Copy every line of the records below that holds the word "noteq".

**Exercise inputs**:
:::

lemma norm_fourier_squared:
  assumes y: "y \<in> vecs R d"
  shows "complex_of_real ((cmod (fourier R chi d g y))\<^sup>2) =
    (\<Sum>m\<in>vecs R d. \<Sum>m'\<in>vecs R d. chi (dotp R d (vec_diff d m' m) y) * (g m * cnj (g m')))"
proof -
  let ?V = "vecs R d" and ?F = "fourier R chi d g"
  have "complex_of_real ((cmod (?F y))\<^sup>2) = ?F y * cnj (?F y)" by (rule complex_norm_square)
  also have "\<dots> = (\<Sum>m\<in>?V. \<Sum>m'\<in>?V. (chi (\<ominus> dotp R d m y) * g m) * cnj (chi (\<ominus> dotp R d m' y) * g m'))"
    unfolding fourier_def by (simp add: sum_product)
  also have "\<dots> = (\<Sum>m\<in>?V. \<Sum>m'\<in>?V. chi (dotp R d (vec_diff d m' m) y) * (g m * cnj (g m')))"
  proof (intro sum.cong refl)
    fix m m' assume m: "m \<in> ?V" and m': "m' \<in> ?V"
    have c: "dotp R d m y \<in> carrier R" "dotp R d m' y \<in> carrier R" using dotp_closed m m' y by auto
    have "chi (\<ominus> dotp R d m y) * cnj (chi (\<ominus> dotp R d m' y)) = chi (dotp R d (vec_diff d m' m) y)"
      using chi_add[of "dotp R d m' y" "\<ominus> dotp R d m y"] chi_uminus[OF c(2)] c
      by (simp add: dotp_vec_diff[OF m' m y] a_minus_def mult.commute)
    thus "(chi (\<ominus> dotp R d m y) * g m) * cnj (chi (\<ominus> dotp R d m' y) * g m') =
        chi (dotp R d (vec_diff d m' m) y) * (g m * cnj (g m'))"
      by (metis (no_types, lifting) complex_cnj_mult mult.assoc mult.left_commute)
  qed
  finally show ?thesis .
qed

lemma plancherel:
  "(\<Sum>y\<in>vecs R d. (cmod (fourier R chi d g y))\<^sup>2) = real (card (vecs R d)) * (\<Sum>m\<in>vecs R d. (cmod (g m))\<^sup>2)"
proof -
  let ?V = "vecs R d"
  have "complex_of_real (\<Sum>y\<in>?V. (cmod (fourier R chi d g y))\<^sup>2) =
      (\<Sum>y\<in>?V. \<Sum>m\<in>?V. \<Sum>m'\<in>?V. chi (dotp R d (vec_diff d m' m) y) * (g m * cnj (g m')))"
    using norm_fourier_squared by simp
  also have "\<dots> = (\<Sum>m\<in>?V. \<Sum>m'\<in>?V. (\<Sum>y\<in>?V. chi (dotp R d (vec_diff d m' m) y)) * (g m * cnj (g m')))"
    by (subst sum.swap, rule sum.cong[OF refl], subst sum.swap) (simp add: sum_distrib_right)
  also have "\<dots> = (\<Sum>m\<in>?V. \<Sum>m'\<in>?V. if m' = m then of_nat (card ?V) * (g m * cnj (g m')) else 0)"
    by (intro sum.cong refl) (simp add: character_sum_vec_diff)
  also have "\<dots> = (\<Sum>m\<in>?V. (g m * cnj (g m)) * of_nat (card ?V))"
    by (intro sum.cong refl) (simp add: vecs_finite mult.commute)
  also have "\<dots> = complex_of_real (real (card ?V) * (\<Sum>m\<in>?V. (cmod (g m))\<^sup>2))"
    by (simp add: complex_norm_square[symmetric] sum_distrib_left mult.commute)
  finally show ?thesis by (simp only: of_real_eq_iff)
qed

lemma fourier_scale:
  assumes "homogeneous_deg0 R d g" and s: "s \<in> carrier R" "s \<noteq> \<zero>" and x: "x \<in> vecs R d"
  shows "fourier R chi d g (scale d s x) = fourier R chi d g x"
proof -
  have "g (scale d s m) = g m" if "m \<in> vecs R d" for m
    using assms(1) s that unfolding homogeneous_deg0_def scale_def by auto
  hence "fourier R chi d g (scale d s x) = (\<Sum>m\<in>vecs R d. chi (\<ominus> dotp R d (scale d s m) x) * g (scale d s m))"
    unfolding fourier_def using dotp_scale_left dotp_scale_right s x by (intro sum.cong refl) auto
  also have "\<dots> = fourier R chi d g x"
    unfolding fourier_def by (rule sum.reindex_bij_betw[OF bij_betw_scale[OF s]])
  finally show ?thesis .
qed

lemma sphere_sum_fourier_le:
  assumes j: "j \<in> carrier R" "j \<noteq> \<zero>" and hg: "homogeneous_deg0 R d g"
  shows "real (card (carrier R) - 1) * (\<Sum>x\<in>sphere_set R d j. (cmod (fourier R chi d g x))\<^sup>2)
     \<le> 2 * (\<Sum>y\<in>vecs R d. (cmod (fourier R chi d g y))\<^sup>2)"
proof -
  let ?P = "sphere_set R d j \<times> (carrier R - {\<zero>})"
  define h where "h y = (cmod (fourier R chi d g y))\<^sup>2" for y
  define \<phi> where "\<phi> p = scale d (snd p) (fst p)" for p
  have "finite ?P"
    using finite_carrier finite_subset[OF sphere_subset_vecs vecs_finite] by blast
  have "real (card (carrier R) - 1) * (\<Sum>x\<in>sphere_set R d j. h x)
      = (\<Sum>x\<in>sphere_set R d j. \<Sum>s\<in>carrier R - {\<zero>}. h x)"
    by (simp add: finite_carrier card_Diff_singleton sum_distrib_left)
  also have "\<dots> = (\<Sum>p\<in>?P. h (fst p))"
    by (subst sum.cartesian_product) (simp add: case_prod_beta)
  also have "\<dots> = (\<Sum>p\<in>?P. h (\<phi> p))"
  proof (rule sum.cong[OF refl])
    fix p assume "p \<in> ?P"
    hence "fst p \<in> vecs R d" "snd p \<in> carrier R" "snd p \<noteq> \<zero>" using sphere_subset_vecs[of d j] by auto
    thus "h (fst p) = h (\<phi> p)" unfolding h_def \<phi>_def using fourier_scale[OF hg] by simp
  qed
  also have "\<dots> = (\<Sum>y\<in>vecs R d. \<Sum>p\<in>{p \<in> ?P. \<phi> p = y}. h (\<phi> p))"
    using \<open>finite ?P\<close> vecs_finite scale_in_vecs sphere_subset_vecs[of d j] unfolding \<phi>_def
    by (intro sum.group[symmetric]) auto
  also have "\<dots> = (\<Sum>y\<in>vecs R d. h y * real (card {p \<in> ?P. \<phi> p = y}))"
    by (intro sum.cong refl) (simp add: mult.commute)
  also have "\<dots> \<le> (\<Sum>y\<in>vecs R d. h y * 2)"
    using card_scale_fibre_le_2[OF j] unfolding h_def \<phi>_def by (intro sum_mono mult_left_mono) auto
  finally show ?thesis unfolding h_def by (simp add: sum_distrib_left mult.commute)
qed

lemma sphere_average_fourier_le:
  assumes "char_gt_two R" and "even d" and "0 < d" and j: "j \<in> carrier R" "j \<noteq> \<zero>"
    and "homogeneous_deg0 R d g"
  shows "1 / real (card (sphere_set R d j)) * (\<Sum>x\<in>sphere_set R d j. (cmod (fourier R chi d g x))\<^sup>2)
      \<le> 6 * (\<Sum>m\<in>vecs R d. (cmod (g m))\<^sup>2)"
proof -
  define q where "q = real (card (carrier R) - 1)"
  define s where "s = real (card (sphere_set R d j))"
  define A where "A = (\<Sum>x\<in>sphere_set R d j. (cmod (fourier R chi d g x))\<^sup>2)"
  define G where "G = (\<Sum>m\<in>vecs R d. (cmod (g m))\<^sup>2)"
  have "q > 0" unfolding q_def using two_le_card_carrier by simp
  have "G \<ge> 0" unfolding G_def by (intro sum_nonneg) simp
  have V: "real (card (vecs R d)) \<le> 3 * (q * s)"
    using card_vecs_le_sphere[OF assms(1-3) j] unfolding q_def s_def by (simp flip: of_nat_mult)
  moreover have "real (card (vecs R d)) > 0"
    using card_vecs two_le_card_carrier by simp
  ultimately have "q * s > 0" by linarith
  hence "s > 0" using \<open>q > 0\<close> by (simp add: zero_less_mult_iff)
  have "q * A \<le> 2 * (real (card (vecs R d)) * G)"
    using sphere_sum_fourier_le[OF j assms(6)] plancherel unfolding q_def A_def G_def by simp
  also have "\<dots> \<le> q * (6 * s * G)" using mult_right_mono[OF V \<open>G \<ge> 0\<close>] by (simp add: mult_ac)
  finally have "A \<le> 6 * s * G" using \<open>q > 0\<close> by simp
  thus ?thesis using \<open>s > 0\<close> unfolding A_def G_def s_def by (simp add: field_simps)
qed

end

:::

**Task solution**:
  assumes "homogeneous_deg0 R d g" and s: "s \<in> carrier R" "s \<noteq> \<zero>" and x: "x \<in> vecs R d"
  assumes j: "j \<in> carrier R" "j \<noteq> \<zero>" and hg: "homogeneous_deg0 R d g"
    hence "fst p \<in> vecs R d" "snd p \<in> carrier R" "snd p \<noteq> \<zero>" using sphere_subset_vecs[of d j] by auto
  assumes "char_gt_two R" and "even d" and "0 < d" and j: "j \<in> carrier R" "j \<noteq> \<zero>"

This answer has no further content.